Ask HN: Customer demanding $2400 for dirt marks on driveway, how to handle this? - ChrisDutrow
This isn&#x27;t a purely technical question but it has to do with psychological and legal strategy so I thought it might be fun to examine on here.<p>I own a mobile auto detailing company and we detailed a vehicle on a new white concrete driveway. The detailing process left some dirt splotch marks on the driveway that didn&#x27;t readily come off. (Wheel cleaner dissolved brake dust).<p>The customer asked us to come back out and power wash it, which we did. The result is that the marks are almost completely gone, but not 100%.<p>Now he is demanding that we pay $2400 to have the driveway re-surfaced or he&#x27;ll sue us. This seems extreme to me but I&#x27;m not sure how things like this are resolved from a legal basis. My best guess is that some metric would be use to calculate &quot;accelerated wear&quot;. So we would pay for a percentage of the cost of the driveway that represents the amount of wear we put on it above normal wear and tear.<p>We do have business insurgence, so I could just tell him we&#x27;ll refer this to our insurance who will likely not pay him anything since the wear is very minor. But I&#x27;m not sure what the repercussions of this could be. Will my insurance possibly decide to pay and then raise my rates? Or will they not pay and raise my rates anyway? I&#x27;ve never referred anything to insurance before in the 10 years we&#x27;ve been in business so I don&#x27;t know what I&#x27;m getting myself into with that.<p>Anyone have any insight into this??
======
oblib
Here's the thing... It's a "driveway" and it's unreasonable to expect no wear
or discoloration on untreated concrete (ask any concrete company if that is
reasonable and they will tell you "No").

If he was concerned about that he should have moved his car to a place on his
property where this could not occur.

If he did not tell you that was a concern before you started, and especially
if he parked the car there and told you to clean it there, I don't see how he
has a case.

I would check to see if he's done this kind of thing before (and I'd be
surprised if he hasn't) because that is evidence that he purposely set you up.
If he has bring those records to court with you there's a good chance a judge
would toss his case.

------
JSeymourATL
> Now he is demanding that we pay $2400 to have the driveway re-surfaced or
> he'll sue us.

Work to turn an instance of conflict, into a collaboration. Take the emotion
out of the conversation. But do try to talk this out first.

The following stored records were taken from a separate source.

(* Let $k$ be a positive integer. If $m$ and $n$ are positive integers with $m\equiv n\pmod k$, then $R_k^m\cong R_k^n$.
   Context: $\mathbb{N}=\{1,2,3,\dots\}$. $R$ denotes the ring of all $\mathbb{N}\times\mathbb{N}$ integer matrices with only finitely many nonzero entries in each row and each column, with entrywise addition and multiplication $(AB)_{i,j}=\sum_{l\ge1}a_{i,l}b_{l,j}$. Fix a positive integer $k$. Partition $\mathbb{N}$ into consecutive blocks $J_1=\{1\}$ and, for $m\ge2$, $J_m=\{2+k(m-2),\dots,1+k(m-1)\}$. For $A\in R$, the block $A^{m,n}$ is the submatrix with rows indexed by $J_m$ and columns by $J_n$. $R_k$ is the subring of $A\in R$ such that for all but finitely many pairs $(m,n)$ with $m,n\ge2$, $A^{m,n}=cI_k$ for some integer $c$. For a ring $S$, $S^n$ is the free left $S$-module of $n$-tuples with componentwise operations; $S^m\cong S^n$ means there is a bijective left-$S$-linear map $S^m\to S^n$, equivalently there exist $X\in M_{m\times n}(S)$, $Y\in M_{n\times m}(S)$ with $XY=I_m$, $YX=I_n$. *)

theory Defs
  imports Main
begin

(* Matrices N x N are represented 0-indexed: paper index i (i >= 1) is position i - 1. *)
type_synonym imat = "nat \<Rightarrow> nat \<Rightarrow> int"

definition in_R :: "imat \<Rightarrow> bool" where
  "in_R A \<longleftrightarrow> (\<forall>i. finite {j. A i j \<noteq> 0}) \<and> (\<forall>j. finite {i. A i j \<noteq> 0})"

(* (AB)_{ij} = sum over l of a_{il} b_{lj}; the sum ranges over the (finite, for A in R)
   support of row i of A. *)
definition mmul :: "imat \<Rightarrow> imat \<Rightarrow> imat" where
  "mmul A B = (\<lambda>i j. \<Sum>l\<in>{l. A i l \<noteq> 0}. A i l * B l j)"

definition idR :: imat where
  "idR = (\<lambda>i j. if i = j then 1 else 0)"

(* Block A^{m,n} for m,n >= 2: rows J_m = {2+k(m-2),...,1+k(m-1)} (paper indexing),
   i.e. 0-indexed positions 1+k(m-2)+a for a < k. *)
definition blk :: "nat \<Rightarrow> imat \<Rightarrow> nat \<Rightarrow> nat \<Rightarrow> nat \<Rightarrow> nat \<Rightarrow> int" where
  "blk k A m n a b = A (1 + k * (m - 2) + a) (1 + k * (n - 2) + b)"

definition in_Rk :: "nat \<Rightarrow> imat \<Rightarrow> bool" where
  "in_Rk k A \<longleftrightarrow> in_R A \<and>
     finite {(m, n). m \<ge> 2 \<and> n \<ge> 2 \<and>
        \<not> (\<exists>c::int. \<forall>a<k. \<forall>b<k. blk k A m n a b = (if a = b then c else 0))}"

(* R_k^m \<cong> R_k^n: exist X in M_{m x n}(R_k), Y in M_{n x m}(R_k) with XY = I_m, YX = I_n. *)
definition free_iso :: "nat \<Rightarrow> nat \<Rightarrow> nat \<Rightarrow> bool" where
  "free_iso k m n \<longleftrightarrow> (\<exists>X Y :: nat \<Rightarrow> nat \<Rightarrow> imat.
     (\<forall>i<m. \<forall>j<n. in_Rk k (X i j)) \<and> (\<forall>i<n. \<forall>j<m. in_Rk k (Y i j)) \<and>
     (\<forall>i<m. \<forall>j<m. (\<lambda>r s. \<Sum>l<n. mmul (X i l) (Y l j) r s) = (if i = j then idR else (\<lambda>r s. 0))) \<and>
     (\<forall>i<n. \<forall>j<n. (\<lambda>r s. \<Sum>l<m. mmul (Y i l) (X l j) r s) = (if i = j then idR else (\<lambda>r s. 0))))"

end

theory Submission
  imports Defs
begin

text \<open>An isomorphism \<open>R\<^sub>k\<^sup>n \<cong> R\<^sub>k\<^sup>m\<close> can be given by "permutation matrices": view \<open>R\<^sub>k\<^sup>n\<close> as matrices
  whose columns are indexed by \<open>{..<n} \<times> \<nat>\<close>. Any bijection \<open>g : {..<n} \<times> \<nat> \<rightarrow> {..<m} \<times> \<nat>\<close>
  yields mutually inverse matrices \<open>X\<close>, \<open>Y\<close> over \<open>R\<close>, and their entries lie in \<open>R\<^sub>k\<close> (all
  blocks are \<open>0\<close> or \<open>I\<^sub>k\<close>) as soon as \<open>g\<close> maps every \<open>k\<close>-block \<open>J\<^sub>q\<close> of a coordinate onto
  some \<open>k\<close>-block, preserving offsets. Such a \<open>g\<close> exists for \<open>n = m + t k\<close> by a Hilbert hotel
  argument: the \<open>1 + t k\<close> last coordinates are folded into one, their \<open>1 + t k\<close> first entries
  filling \<open>J\<^sub>1\<close> and the first \<open>t\<close> blocks, and their remaining blocks being interleaved.\<close>

lemma mult_add_eq_mult_add_iff:
  fixes k q q' a b :: nat
  assumes "a < k" "b < k"
  shows "k * q + a = k * q' + b \<longleftrightarrow> q = q' \<and> a = b"
proof
  assume "k * q + a = k * q' + b"
  then have "(k * q + a) div k = (k * q' + b) div k" "(k * q + a) mod k = (k * q' + b) mod k"
    by simp_all
  with assms show "q = q' \<and> a = b" by simp
qed simp

definition scalar_block :: "nat \<Rightarrow> imat \<Rightarrow> nat \<Rightarrow> nat \<Rightarrow> bool" where
  "scalar_block k A p q \<longleftrightarrow> (\<exists>c::int. \<forall>a<k. \<forall>b<k. blk k A p q a b = (if a = b then c else 0))"

lemma in_Rk_iff:
  "in_Rk k A \<longleftrightarrow> in_R A \<and> finite {(p, q). p \<ge> 2 \<and> q \<ge> 2 \<and> \<not> scalar_block k A p q}"
  unfolding in_Rk_def scalar_block_def ..

definition mtranspose :: "imat \<Rightarrow> imat" where
  "mtranspose A = (\<lambda>i j. A j i)"

lemma scalar_block_mtranspose: "scalar_block k (mtranspose A) p q \<longleftrightarrow> scalar_block k A q p"
  unfolding scalar_block_def blk_def mtranspose_def by (metis (no_types, opaque_lifting))

lemma in_Rk_mtranspose:
  assumes "in_Rk k A"
  shows "in_Rk k (mtranspose A)"
proof -
  have "{(p, q). p \<ge> 2 \<and> q \<ge> 2 \<and> \<not> scalar_block k (mtranspose A) p q}
      = prod.swap ` {(p, q). p \<ge> 2 \<and> q \<ge> 2 \<and> \<not> scalar_block k A p q}"
    by (auto simp: scalar_block_mtranspose image_iff)
  moreover have "in_R (mtranspose A)"
    using assms unfolding in_Rk_def in_R_def mtranspose_def by simp
  ultimately show ?thesis
    using assms by (simp add: in_Rk_iff)
qed

subsection \<open>Permutation matrices of block-preserving bijections\<close>

text \<open>A pair \<open>(l, s)\<close> stands for position \<open>s\<close> of the \<open>l\<close>-th coordinate; \<open>perm_entry g i l\<close> is
  the \<open>(i, l)\<close> entry, an element of \<open>R\<close>, of the matrix of \<open>g\<close>.\<close>

definition perm_entry :: "(nat \<times> nat \<Rightarrow> nat \<times> nat) \<Rightarrow> nat \<Rightarrow> nat \<Rightarrow> imat" where
  "perm_entry g i l = (\<lambda>r s. if g (l, s) = (i, r) then 1 else 0)"

text \<open>Position \<open>1 + k q + b\<close> (with \<open>b < k\<close>) is the \<open>b\<close>-th entry of the block \<open>J\<^bsub>q+2\<^esub>\<close>.\<close>

definition block_preserving :: "nat \<Rightarrow> nat \<Rightarrow> (nat \<times> nat \<Rightarrow> nat \<times> nat) \<Rightarrow> bool" where
  "block_preserving k n g \<longleftrightarrow>
     (\<forall>l<n. \<forall>q. \<exists>i h. \<forall>b<k. g (l, 1 + k * q + b) = (i, 1 + k * h + b))"

lemma in_R_perm_entry:
  assumes "inj (\<lambda>s. g (l, s))"
  shows "in_R (perm_entry g i l)"
  unfolding in_R_def
proof safe
  fix r
  have "{s. perm_entry g i l r s \<noteq> 0} = (\<lambda>s. g (l, s)) -` {(i, r)}"
    by (auto simp: perm_entry_def)
  then show "finite {s. perm_entry g i l r s \<noteq> 0}"
    using finite_vimageI[OF _ assms] by simp
next
  fix s
  have "{r. perm_entry g i l r s \<noteq> 0} \<subseteq> {snd (g (l, s))}"
    by (auto simp: perm_entry_def)
  then show "finite {r. perm_entry g i l r s \<noteq> 0}"
    by (rule finite_subset) simp
qed

lemma scalar_block_perm_entry:
  assumes "block_preserving k n g" "l < n"
  shows "scalar_block k (perm_entry g i l) p q"
proof -
  obtain i' h where g: "\<forall>b<k. g (l, 1 + k * (q - 2) + b) = (i', 1 + k * h + b)"
    using assms unfolding block_preserving_def by blast
  have "blk k (perm_entry g i l) p q a b = (if a = b then (if i' = i \<and> h = p - 2 then 1 else 0) else 0)"
    if "a < k" "b < k" for a b
    using g that mult_add_eq_mult_add_iff[of b k a h "p - 2"]
    by (auto simp: blk_def perm_entry_def)
  then show ?thesis
    unfolding scalar_block_def by blast
qed

lemma in_Rk_perm_entry:
  assumes "inj_on g ({..<n} \<times> UNIV)" "block_preserving k n g" "l < n"
  shows "in_Rk k (perm_entry g i l)"
proof -
  have "inj (\<lambda>s. g (l, s))"
    using assms(1,3) by (auto simp: inj_on_def)
  then show ?thesis
    using scalar_block_perm_entry[OF assms(2,3)] by (simp add: in_Rk_iff in_R_perm_entry)
qed

lemma mmul_single_support:
  assumes "{u. A r u \<noteq> 0} \<subseteq> {u0}"
  shows "mmul A B r s = A r u0 * B u0 s"
proof (cases "A r u0 = 0")
  case True
  with assms have "{u. A r u \<noteq> 0} = {}" by auto
  with True show ?thesis by (simp add: mmul_def)
next
  case False
  with assms have "{u. A r u \<noteq> 0} = {u0}" by auto
  then show ?thesis by (simp add: mmul_def)
qed

lemma perm_entry_mult_transpose:
  assumes g: "bij_betw g ({..<n} \<times> UNIV) ({..<m} \<times> UNIV)" and "i < m"
  shows "(\<Sum>l<n. mmul (perm_entry g i l) (mtranspose (perm_entry g j l)) r s)
    = (if (i, r) = (j, s) then 1 else 0)"
proof -
  have "(i, r) \<in> g ` ({..<n} \<times> UNIV)"
    using bij_betw_imp_surj_on[OF g] \<open>i < m\<close> by simp
  then obtain p where "p \<in> {..<n} \<times> UNIV" "g p = (i, r)"
    by (rule imageE) simp
  then obtain l0 u0 where l0: "l0 < n" and gu0: "g (l0, u0) = (i, r)"
    by (cases p) simp
  have inj: "(l, u) = (l0, u0)" if "l < n" "g (l, u) = (i, r)" for l u
    using inj_onD[OF bij_betw_imp_inj_on[OF g], of "(l, u)" "(l0, u0)"] that l0 gu0 by simp
  have "mmul (perm_entry g i l) (mtranspose (perm_entry g j l)) r s
      = (if l = l0 then (if (i, r) = (j, s) then 1 else 0) else 0)" if "l < n" for l
  proof -
    have support: "{u. perm_entry g i l r u \<noteq> 0} \<subseteq> {u0}"
      by (auto simp: perm_entry_def split: if_splits dest: inj[OF that])
    have "mmul (perm_entry g i l) (mtranspose (perm_entry g j l)) r s
        = perm_entry g i l r u0 * perm_entry g j l s u0"
      using mmul_single_support[where A = "perm_entry g i l", OF support]
      by (simp add: mtranspose_def)
    moreover have "g (l, u0) = (i, r) \<longleftrightarrow> l = l0"
      using inj[OF that, of u0] gu0 by blast
    ultimately show ?thesis
      using gu0 by (simp add: perm_entry_def)
  qed
  then have "(\<Sum>l<n. mmul (perm_entry g i l) (mtranspose (perm_entry g j l)) r s)
      = (\<Sum>l<n. if l = l0 then (if (i, r) = (j, s) then 1 else 0) else 0)"
    by (intro sum.cong) auto
  then show ?thesis
    using l0 by simp
qed

lemma transpose_mult_perm_entry:
  assumes g: "bij_betw g ({..<n} \<times> UNIV) ({..<m} \<times> UNIV)" and "i < n" "j < n"
  shows "(\<Sum>l<m. mmul (mtranspose (perm_entry g l i)) (perm_entry g l j) r s)
    = (if (i, r) = (j, s) then 1 else 0)"
proof -
  obtain l0 u0 where gir: "g (i, r) = (l0, u0)" by fastforce
  have l0: "l0 < m"
    using \<open>i < n\<close> gir bij_betw_apply[OF g, of "(i, r)"] by auto
  have "mmul (mtranspose (perm_entry g l i)) (perm_entry g l j) r s
      = (if l = l0 then (if g (j, s) = (l0, u0) then 1 else 0) else 0)" for l
  proof -
    have support: "{u. mtranspose (perm_entry g l i) r u \<noteq> 0} \<subseteq> {u0}"
      using gir by (auto simp: perm_entry_def mtranspose_def)
    have "mmul (mtranspose (perm_entry g l i)) (perm_entry g l j) r s
        = perm_entry g l i u0 r * perm_entry g l j u0 s"
      using mmul_single_support[where A = "mtranspose (perm_entry g l i)", OF support]
      by (simp add: mtranspose_def)
    then show ?thesis
      using gir by (auto simp: perm_entry_def)
  qed
  then have "(\<Sum>l<m. mmul (mtranspose (perm_entry g l i)) (perm_entry g l j) r s)
      = (if g (j, s) = g (i, r) then 1 else 0)"
    using l0 gir by simp
  also have "\<dots> = (if (i, r) = (j, s) then 1 else 0)"
    using bij_betw_imp_inj_on[OF g] assms(2,3) by (auto simp: inj_on_def)
  finally show ?thesis .
qed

On this subject, Stuart Diamond is brilliant >
[https://vimeo.com/43817099](https://vimeo.com/43817099)

------
sharemywin
Sounds like you need to add some kind of arbitration clause to your service
contract. Also, If you've been paying premiums for 10 years I don't see why
you would at least talk to your agent.

------
AnimalMuppet
Do _not_ take legal advice from HN (or anyone else on the internet). Ask your
business's lawyer (and your insurance company).

------
mrfusion
What about bleach or hydrogen peroxide? No idea if that would work?

------
angersock
Consider it 2400 spent on learning how not to fuck up a driveway--just make
them sign an agreement say "Hey, after this, you forfeit further claims to
compensation".

And now, in the future, you know to put down a tarp or whatever to keep this
from happening.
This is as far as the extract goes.